[Start of Attachment]

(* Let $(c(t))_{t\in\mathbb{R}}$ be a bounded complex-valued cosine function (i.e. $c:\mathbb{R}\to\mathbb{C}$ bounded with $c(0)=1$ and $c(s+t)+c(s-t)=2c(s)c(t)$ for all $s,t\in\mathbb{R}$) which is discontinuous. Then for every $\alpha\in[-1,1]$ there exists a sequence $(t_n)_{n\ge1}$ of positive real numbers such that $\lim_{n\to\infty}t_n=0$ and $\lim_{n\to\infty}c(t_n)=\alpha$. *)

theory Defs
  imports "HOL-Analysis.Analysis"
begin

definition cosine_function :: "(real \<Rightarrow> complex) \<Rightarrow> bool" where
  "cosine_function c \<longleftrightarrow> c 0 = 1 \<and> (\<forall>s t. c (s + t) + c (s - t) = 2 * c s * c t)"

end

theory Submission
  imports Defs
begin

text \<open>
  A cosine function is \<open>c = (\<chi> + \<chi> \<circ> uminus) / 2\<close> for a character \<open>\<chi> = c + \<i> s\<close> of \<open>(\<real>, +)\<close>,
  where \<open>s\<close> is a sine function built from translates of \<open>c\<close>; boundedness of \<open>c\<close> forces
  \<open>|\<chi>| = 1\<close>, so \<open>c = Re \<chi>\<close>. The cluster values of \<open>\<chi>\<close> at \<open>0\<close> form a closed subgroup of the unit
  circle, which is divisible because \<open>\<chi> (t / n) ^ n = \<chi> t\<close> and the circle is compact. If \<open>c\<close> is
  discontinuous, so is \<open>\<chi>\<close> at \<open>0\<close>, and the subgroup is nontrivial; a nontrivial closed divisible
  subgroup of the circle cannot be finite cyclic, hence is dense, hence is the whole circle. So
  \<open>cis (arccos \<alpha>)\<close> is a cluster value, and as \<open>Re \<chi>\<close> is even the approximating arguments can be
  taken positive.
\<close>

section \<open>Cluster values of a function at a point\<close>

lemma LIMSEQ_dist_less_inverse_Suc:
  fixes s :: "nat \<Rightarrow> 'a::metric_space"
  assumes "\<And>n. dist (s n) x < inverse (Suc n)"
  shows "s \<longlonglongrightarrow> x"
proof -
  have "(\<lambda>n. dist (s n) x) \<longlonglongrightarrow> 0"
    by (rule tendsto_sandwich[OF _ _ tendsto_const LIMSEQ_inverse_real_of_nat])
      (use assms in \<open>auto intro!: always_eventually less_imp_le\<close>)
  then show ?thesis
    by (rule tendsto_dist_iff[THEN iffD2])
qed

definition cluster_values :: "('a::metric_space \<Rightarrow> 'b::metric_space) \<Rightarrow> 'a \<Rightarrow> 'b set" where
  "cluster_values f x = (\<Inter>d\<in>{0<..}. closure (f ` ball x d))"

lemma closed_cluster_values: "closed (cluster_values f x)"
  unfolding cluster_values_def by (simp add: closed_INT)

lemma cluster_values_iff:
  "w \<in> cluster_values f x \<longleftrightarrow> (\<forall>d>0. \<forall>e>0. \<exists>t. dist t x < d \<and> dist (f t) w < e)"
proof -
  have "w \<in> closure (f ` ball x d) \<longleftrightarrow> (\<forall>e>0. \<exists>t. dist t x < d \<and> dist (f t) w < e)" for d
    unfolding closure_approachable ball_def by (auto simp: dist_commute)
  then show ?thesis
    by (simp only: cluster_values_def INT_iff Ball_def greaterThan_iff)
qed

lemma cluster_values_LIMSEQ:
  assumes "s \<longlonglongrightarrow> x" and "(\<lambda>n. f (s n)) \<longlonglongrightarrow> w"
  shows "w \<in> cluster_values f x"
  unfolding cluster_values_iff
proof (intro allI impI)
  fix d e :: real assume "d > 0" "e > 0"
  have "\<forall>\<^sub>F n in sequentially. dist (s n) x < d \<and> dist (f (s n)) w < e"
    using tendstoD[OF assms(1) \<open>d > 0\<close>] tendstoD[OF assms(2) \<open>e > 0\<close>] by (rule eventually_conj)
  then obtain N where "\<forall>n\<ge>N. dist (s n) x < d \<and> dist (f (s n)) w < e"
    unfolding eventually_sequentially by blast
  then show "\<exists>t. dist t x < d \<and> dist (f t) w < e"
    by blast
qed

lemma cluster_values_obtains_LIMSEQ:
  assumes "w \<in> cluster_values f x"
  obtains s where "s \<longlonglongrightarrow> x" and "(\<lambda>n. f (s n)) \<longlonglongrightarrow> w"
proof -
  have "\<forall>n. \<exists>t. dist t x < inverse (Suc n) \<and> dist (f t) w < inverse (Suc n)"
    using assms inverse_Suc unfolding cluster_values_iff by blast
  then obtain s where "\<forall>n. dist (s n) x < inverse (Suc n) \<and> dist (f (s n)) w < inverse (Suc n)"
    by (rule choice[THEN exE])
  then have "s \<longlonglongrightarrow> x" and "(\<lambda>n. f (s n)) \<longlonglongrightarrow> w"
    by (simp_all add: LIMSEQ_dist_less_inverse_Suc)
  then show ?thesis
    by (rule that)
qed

[End of Attachment]

_Exercise goal_: Print only the lines from the top of the data above down to the line holding "discontinuous, so is", inclusive.

_Reply to the task_:
(* Let $(c(t))_{t\in\mathbb{R}}$ be a bounded complex-valued cosine function (i.e. $c:\mathbb{R}\to\mathbb{C}$ bounded with $c(0)=1$ and $c(s+t)+c(s-t)=2c(s)c(t)$ for all $s,t\in\mathbb{R}$) which is discontinuous. Then for every $\alpha\in[-1,1]$ there exists a sequence $(t_n)_{n\ge1}$ of positive real numbers such that $\lim_{n\to\infty}t_n=0$ and $\lim_{n\to\infty}c(t_n)=\alpha$. *)

theory Defs
  imports "HOL-Analysis.Analysis"
begin

definition cosine_function :: "(real \<Rightarrow> complex) \<Rightarrow> bool" where
  "cosine_function c \<longleftrightarrow> c 0 = 1 \<and> (\<forall>s t. c (s + t) + c (s - t) = 2 * c s * c t)"

end

theory Submission
  imports Defs
begin

text \<open>
  A cosine function is \<open>c = (\<chi> + \<chi> \<circ> uminus) / 2\<close> for a character \<open>\<chi> = c + \<i> s\<close> of \<open>(\<real>, +)\<close>,
  where \<open>s\<close> is a sine function built from translates of \<open>c\<close>; boundedness of \<open>c\<close> forces
  \<open>|\<chi>| = 1\<close>, so \<open>c = Re \<chi>\<close>. The cluster values of \<open>\<chi>\<close> at \<open>0\<close> form a closed subgroup of the unit
  circle, which is divisible because \<open>\<chi> (t / n) ^ n = \<chi> t\<close> and the circle is compact. If \<open>c\<close> is
  discontinuous, so is \<open>\<chi>\<close> at \<open>0\<close>, and the subgroup is nontrivial; a nontrivial closed divisible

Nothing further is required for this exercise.